## What you need to do
Give back exactly the lines that run from the beginning of the entries to the line containing "involve the resolvent", both included, and nothing else.

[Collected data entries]
____________________
text \<open>
  Substituting \<open>u n = \<rho> ^ n * v n\<close> identifies \<open>\<ell>\<^sub>2\<^sub>,\<^sub>\<rho>(\<int>; H)\<close> isometrically with
  \<open>\<ell>\<^sup>2(\<int>; H)\<close> and turns \<open>\<tau> u - A u\<close> into \<open>\<rho> ^ n * (T v) n\<close> with \<open>T v = \<rho> \<tau> v - A v\<close>.
  Under the Fourier series \<open>T\<close> becomes multiplication by \<open>\<rho> e\<^sup>i\<^sup>\<theta> - A\<close>, so \<open>T\<close> is invertible
  with \<open>\<parallel>T\<^sup>-\<^sup>1\<parallel> \<le> M\<^sub>\<rho>\<close>; since \<open>M\<^sub>\<rho> |F|\<^sub>L\<^sub>i\<^sub>p < 1\<close>, the transported equation
  \<open>T v = G v + d\<close> has a unique solution by Banach's fixed point theorem.

  Instead of the Fourier series we use discrete Fourier transforms of period \<open>P\<close>, which only
  involve the resolvent at the points \<open>\<rho> e\<^sup>2\<^sup>\<pi>\<^sup>i\<^sup>j\<^sup>/\<^sup>P\<close>.  For finitely supported \<open>v\<close> they give
  \<open>\<parallel>v\<parallel> \<le> M\<^sub>\<rho> \<parallel>T v\<parallel>\<close> exactly, and by density the bound holds for all \<open>v\<close>; hence \<open>T\<close> has
  closed range.  The range is also dense: for finitely supported \<open>g\<close>, the \<open>P\<close>-periodic solution
  of \<open>T w = g\<close>, cut off at a point where it is small, solves \<open>T v = g\<close> up to an error of order
  \<open>Q\<^sup>-\<^sup>1\<^sup>/\<^sup>2\<close>, where \<open>Q\<close> is the gap between consecutive copies of the support of \<open>g\<close>.
\<close>

section \<open>The sequence space \<open>\<ell>\<^sup>2(\<int>; H)\<close>\<close>

definition l2_seqs :: "(int \<Rightarrow> 'a::real_normed_vector) set" where
  "l2_seqs = {f. (\<lambda>k. (norm (f k))\<^sup>2) summable_on UNIV}"

lemma norm_add_squared_le:
  "(norm (a + b :: 'a::real_normed_vector))\<^sup>2 \<le> 2 * (norm a)\<^sup>2 + 2 * (norm b)\<^sup>2"
proof -
  have "(norm (a + b))\<^sup>2 \<le> (norm a + norm b)\<^sup>2"
    by (simp add: norm_triangle_ineq power_mono)
  also have "\<dots> \<le> 2 * (norm a)\<^sup>2 + 2 * (norm b)\<^sup>2"
    using sum_squares_bound[of "norm a" "norm b"] by (simp add: power2_eq_square algebra_simps)
  finally show ?thesis .
qed

lemma l2_seqs_zero: "(\<lambda>_. 0) \<in> l2_seqs"
  by (simp add: l2_seqs_def)

lemma l2_seqs_add: "f \<in> l2_seqs \<Longrightarrow> g \<in> l2_seqs \<Longrightarrow> (\<lambda>k. f k + g k) \<in> l2_seqs"
  unfolding l2_seqs_def mem_Collect_eq
  by (rule summable_on_comparison_test[where f="\<lambda>k. 2 * (norm (f k))\<^sup>2 + 2 * (norm (g k))\<^sup>2"])
     (auto intro!: summable_on_add summable_on_cmult_right norm_add_squared_le)

lemma l2_seqs_scaleR: "f \<in> l2_seqs \<Longrightarrow> (\<lambda>k. c *\<^sub>R f k) \<in> l2_seqs"
  unfolding l2_seqs_def by (auto simp: power_mult_distrib intro!: summable_on_cmult_right)

lemma l2_seqs_uminus: "f \<in> l2_seqs \<Longrightarrow> (\<lambda>k. - f k) \<in> l2_seqs"
  using l2_seqs_scaleR[of f "-1"] by simp

lemma l2_seqs_diff: "f \<in> l2_seqs \<Longrightarrow> g \<in> l2_seqs \<Longrightarrow> (\<lambda>k. f k - g k) \<in> l2_seqs"
  using l2_seqs_add[of f "\<lambda>k. - g k"] l2_seqs_uminus[of g] by simp

lemma l2_seqs_finite_support:
  assumes "finite S" "\<And>n. n \<notin> S \<Longrightarrow> f n = 0"
  shows "f \<in> l2_seqs"
proof -
  have "finite {n \<in> UNIV. (norm (f n))\<^sup>2 \<noteq> 0}"
    by (rule finite_subset[OF _ assms(1)]) (use assms in auto)
  then show ?thesis
    unfolding l2_seqs_def by (simp add: finite_nonzero_values_imp_summable_on)
qed

lemma l2_seqs_inner_summable:
  assumes "f \<in> l2_seqs" "g \<in> l2_seqs"
  shows "(\<lambda>k. inner (f k) (g k :: 'a::real_inner)) summable_on UNIV"
proof -
  have bound: "\<bar>inner (f k) (g k)\<bar> \<le> (norm (f k))\<^sup>2 + (norm (g k))\<^sup>2" for k
    using Cauchy_Schwarz_ineq2[of "f k" "g k"] sum_squares_bound[of "norm (f k)" "norm (g k)"]
    by (simp add: power2_eq_square)
  have "(\<lambda>k. (norm (f k))\<^sup>2 + (norm (g k))\<^sup>2) summable_on UNIV"
    using assms by (intro summable_on_add) (auto simp: l2_seqs_def)
  then have "(\<lambda>k. norm (inner (f k) (g k))) summable_on UNIV"
    by (rule summable_on_comparison_test) (simp_all add: bound)
  then show ?thesis by (rule abs_summable_summable)
qed

text \<open>\<open>\<ell>\<^sup>2(\<int>; H)\<close> is introduced as a type so that it is an instance of \<open>banach\<close> and
  \<open>banach_fix_type\<close> applies.\<close>
typedef (overloaded) 'a l2 = "l2_seqs :: (int \<Rightarrow> 'a::real_inner) set"
  using l2_seqs_zero by blast

lemma l2_eqI: "(\<And>k. Rep_l2 x k = Rep_l2 y k) \<Longrightarrow> x = y"
  by (metis ext Rep_l2_inject)

instantiation l2 :: (real_inner) real_inner
begin

definition zero_l2_def: "0 = Abs_l2 (\<lambda>_. 0)"
definition plus_l2_def: "x + y = Abs_l2 (\<lambda>k. Rep_l2 x k + Rep_l2 y k)"
definition minus_l2_def: "x - y = Abs_l2 (\<lambda>k. Rep_l2 x k - Rep_l2 y k)"
definition uminus_l2_def: "- x = Abs_l2 (\<lambda>k. - Rep_l2 x k)"
definition scaleR_l2_def: "c *\<^sub>R x = Abs_l2 (\<lambda>k. c *\<^sub>R Rep_l2 x k)"
definition inner_l2_def: "inner x y = (\<Sum>\<^sub>\<infinity>k. inner (Rep_l2 x k) (Rep_l2 y k))"
definition norm_l2_def: "norm x = sqrt (\<Sum>\<^sub>\<infinity>k. (norm (Rep_l2 x k))\<^sup>2)"
definition sgn_l2_def: "sgn x = inverse (norm x) *\<^sub>R (x::'a l2)"
definition dist_l2_def: "dist x y = norm (x - y::'a l2)"
definition uniformity_l2_def:
  "uniformity = (INF e\<in>{0<..}. principal {(x::'a l2, y). dist x y < e})"
definition open_l2_def:
  "open U = (\<forall>x\<in>U. \<forall>\<^sub>F (x', y) in uniformity. x' = x \<longrightarrow> y \<in> (U::'a l2 set))"

lemma Rep_l2_zero: "Rep_l2 0 = (\<lambda>_. 0)"
  unfolding zero_l2_def by (rule Abs_l2_inverse, rule l2_seqs_zero)

lemma Rep_l2_plus: "Rep_l2 (x + y) = (\<lambda>k. Rep_l2 x k + Rep_l2 y k)"
  unfolding plus_l2_def by (rule Abs_l2_inverse, rule l2_seqs_add; rule Rep_l2)

lemma Rep_l2_minus: "Rep_l2 (x - y) = (\<lambda>k. Rep_l2 x k - Rep_l2 y k)"
  unfolding minus_l2_def by (rule Abs_l2_inverse, rule l2_seqs_diff; rule Rep_l2)

lemma Rep_l2_uminus: "Rep_l2 (- x) = (\<lambda>k. - Rep_l2 x k)"
  unfolding uminus_l2_def by (rule Abs_l2_inverse, rule l2_seqs_uminus, rule Rep_l2)

lemma Rep_l2_scaleR: "Rep_l2 (c *\<^sub>R x) = (\<lambda>k. c *\<^sub>R Rep_l2 x k)"
  unfolding scaleR_l2_def by (rule Abs_l2_inverse, rule l2_seqs_scaleR, rule Rep_l2)

lemmas Rep_l2_simps = Rep_l2_zero Rep_l2_plus Rep_l2_minus Rep_l2_uminus Rep_l2_scaleR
____________________
## Output of the task
text \<open>
  Substituting \<open>u n = \<rho> ^ n * v n\<close> identifies \<open>\<ell>\<^sub>2\<^sub>,\<^sub>\<rho>(\<int>; H)\<close> isometrically with
  \<open>\<ell>\<^sup>2(\<int>; H)\<close> and turns \<open>\<tau> u - A u\<close> into \<open>\<rho> ^ n * (T v) n\<close> with \<open>T v = \<rho> \<tau> v - A v\<close>.
  Under the Fourier series \<open>T\<close> becomes multiplication by \<open>\<rho> e\<^sup>i\<^sup>\<theta> - A\<close>, so \<open>T\<close> is invertible
  with \<open>\<parallel>T\<^sup>-\<^sup>1\<parallel> \<le> M\<^sub>\<rho>\<close>; since \<open>M\<^sub>\<rho> |F|\<^sub>L\<^sub>i\<^sub>p < 1\<close>, the transported equation
  \<open>T v = G v + d\<close> has a unique solution by Banach's fixed point theorem.

  Instead of the Fourier series we use discrete Fourier transforms of period \<open>P\<close>, which only
  involve the resolvent at the points \<open>\<rho> e\<^sup>2\<^sup>\<pi>\<^sup>i\<^sup>j\<^sup>/\<^sup>P\<close>.  For finitely supported \<open>v\<close> they give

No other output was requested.